■ **TO DO**: Each record must reappear in the answer exactly as it is written.

(DATA begins)

lemma measure_diff_le_dTV:
  assumes "\<mu> \<in> space (prob_algebra M)" "\<nu> \<in> space (prob_algebra M)" "A \<in> sets M"
  shows "measure \<mu> A - measure \<nu> A \<le> dTV M \<mu> \<nu>"
proof -
  have "\<bar>measure \<mu> B - measure \<nu> B\<bar> \<le> 1" for B
  proof -
    have "measure \<mu> B \<le> 1" "measure \<nu> B \<le> 1"
      using assms(1,2) by (auto simp: space_prob_algebra intro: prob_space.prob_le_1)
    then show ?thesis using measure_nonneg[of \<mu> B] measure_nonneg[of \<nu> B] by linarith
  qed
  then have "bdd_above ((\<lambda>B. \<bar>measure \<mu> B - measure \<nu> B\<bar>) ` sets M)"
    by (intro bdd_aboveI) auto
  then have "\<bar>measure \<mu> A - measure \<nu> A\<bar> \<le> dTV M \<mu> \<nu>"
    unfolding dTV_def using assms(3) by (rule cSUP_upper2) simp
  then show ?thesis by simp
qed

lemma integrable_bounded_prob_algebra:
  fixes f :: "'a \<Rightarrow> real"
  assumes "\<rho> \<in> space (prob_algebra M)" "f \<in> borel_measurable M" "\<And>x. x \<in> space M \<Longrightarrow> \<bar>f x\<bar> \<le> B"
  shows "integrable \<rho> f"
proof -
  have sets: "sets \<rho> = sets M" and "prob_space \<rho>"
    using assms(1) by (auto simp: space_prob_algebra)
  then show ?thesis
    using assms(2,3) sets_eq_imp_space_eq[OF sets] measurable_cong_sets[OF sets refl]
    by (intro finite_measure.integrable_const_bound[of \<rho> f B] AE_I2) (auto intro: prob_space.finite_measure)
qed

lemma abs_integral_le_bound_prob_algebra:
  fixes f :: "'a \<Rightarrow> real"
  assumes "\<rho> \<in> space (prob_algebra M)" "f \<in> borel_measurable M" "\<And>x. x \<in> space M \<Longrightarrow> \<bar>f x\<bar> \<le> B"
  shows "\<bar>\<integral>x. f x \<partial>\<rho>\<bar> \<le> B"
proof -
  have sets_\<rho>: "sets \<rho> = sets M" and prob: "prob_space \<rho>"
    using assms(1) by (auto simp: space_prob_algebra)
  from sets_\<rho> have "space \<rho> = space M"
    by (rule sets_eq_imp_space_eq)
  then have "(\<integral>x. \<bar>f x\<bar> \<partial>\<rho>) \<le> B"
    using assms(3) integrable_abs[OF integrable_bounded_prob_algebra[OF assms]]
    by (intro prob_space.integral_le_const[OF prob] AE_I2) auto
  then show ?thesis
    using integral_abs_bound[of \<rho> f] by linarith
qed

lemma sum_indicator_le_eq_floor:
  fixes t :: real
  assumes "0 \<le> t" "t \<le> real N"
  shows "(\<Sum>j\<in>{1..N}. if real j \<le> t then 1 else 0 :: real) = of_int \<lfloor>t\<rfloor>"
proof -
  have le_t: "real j \<le> t \<longleftrightarrow> j \<le> nat \<lfloor>t\<rfloor>" for j
    using assms(1) by (simp add: le_nat_iff le_floor_iff)
  have "nat \<lfloor>t\<rfloor> \<le> N"
    using assms(2) le_t by (metis floor_of_nat floor_mono nat_int nat_mono)
  then have "{1..N} \<inter> {j. real j \<le> t} = {1..nat \<lfloor>t\<rfloor>}"
    by (auto simp: le_t)
  then have "(\<Sum>j\<in>{1..N}. if real j \<le> t then 1 else 0 :: real) = real (nat \<lfloor>t\<rfloor>)"
    by (simp add: sum.If_cases)
  then show ?thesis using assms(1) by simp
qed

(DATA ends)

■ **OUTPUT FOR THIS EXERCISE**:
lemma measure_diff_le_dTV:
  assumes "\<mu> \<in> space (prob_algebra M)" "\<nu> \<in> space (prob_algebra M)" "A \<in> sets M"
  shows "measure \<mu> A - measure \<nu> A \<le> dTV M \<mu> \<nu>"
proof -
  have "\<bar>measure \<mu> B - measure \<nu> B\<bar> \<le> 1" for B
  proof -
    have "measure \<mu> B \<le> 1" "measure \<nu> B \<le> 1"
      using assms(1,2) by (auto simp: space_prob_algebra intro: prob_space.prob_le_1)
    then show ?thesis using measure_nonneg[of \<mu> B] measure_nonneg[of \<nu> B] by linarith
  qed
  then have "bdd_above ((\<lambda>B. \<bar>measure \<mu> B - measure \<nu> B\<bar>) ` sets M)"
    by (intro bdd_aboveI) auto
  then have "\<bar>measure \<mu> A - measure \<nu> A\<bar> \<le> dTV M \<mu> \<nu>"
    unfolding dTV_def using assms(3) by (rule cSUP_upper2) simp
  then show ?thesis by simp
qed

lemma integrable_bounded_prob_algebra:
  fixes f :: "'a \<Rightarrow> real"
  assumes "\<rho> \<in> space (prob_algebra M)" "f \<in> borel_measurable M" "\<And>x. x \<in> space M \<Longrightarrow> \<bar>f x\<bar> \<le> B"
  shows "integrable \<rho> f"
proof -
  have sets: "sets \<rho> = sets M" and "prob_space \<rho>"
    using assms(1) by (auto simp: space_prob_algebra)
  then show ?thesis
    using assms(2,3) sets_eq_imp_space_eq[OF sets] measurable_cong_sets[OF sets refl]
    by (intro finite_measure.integrable_const_bound[of \<rho> f B] AE_I2) (auto intro: prob_space.finite_measure)
qed

lemma abs_integral_le_bound_prob_algebra:
  fixes f :: "'a \<Rightarrow> real"
  assumes "\<rho> \<in> space (prob_algebra M)" "f \<in> borel_measurable M" "\<And>x. x \<in> space M \<Longrightarrow> \<bar>f x\<bar> \<le> B"
  shows "\<bar>\<integral>x. f x \<partial>\<rho>\<bar> \<le> B"
proof -
  have sets_\<rho>: "sets \<rho> = sets M" and prob: "prob_space \<rho>"
    using assms(1) by (auto simp: space_prob_algebra)
  from sets_\<rho> have "space \<rho> = space M"
    by (rule sets_eq_imp_space_eq)
  then have "(\<integral>x. \<bar>f x\<bar> \<partial>\<rho>) \<le> B"
    using assms(3) integrable_abs[OF integrable_bounded_prob_algebra[OF assms]]
    by (intro prob_space.integral_le_const[OF prob] AE_I2) auto
  then show ?thesis
    using integral_abs_bound[of \<rho> f] by linarith
qed

lemma sum_indicator_le_eq_floor:
  fixes t :: real
  assumes "0 \<le> t" "t \<le> real N"
  shows "(\<Sum>j\<in>{1..N}. if real j \<le> t then 1 else 0 :: real) = of_int \<lfloor>t\<rfloor>"
proof -
  have le_t: "real j \<le> t \<longleftrightarrow> j \<le> nat \<lfloor>t\<rfloor>" for j
    using assms(1) by (simp add: le_nat_iff le_floor_iff)
  have "nat \<lfloor>t\<rfloor> \<le> N"
    using assms(2) le_t by (metis floor_of_nat floor_mono nat_int nat_mono)
  then have "{1..N} \<inter> {j. real j \<le> t} = {1..nat \<lfloor>t\<rfloor>}"
    by (auto simp: le_t)
  then have "(\<Sum>j\<in>{1..N}. if real j \<le> t then 1 else 0 :: real) = real (nat \<lfloor>t\<rfloor>)"
    by (simp add: sum.If_cases)
  then show ?thesis using assms(1) by simp
qed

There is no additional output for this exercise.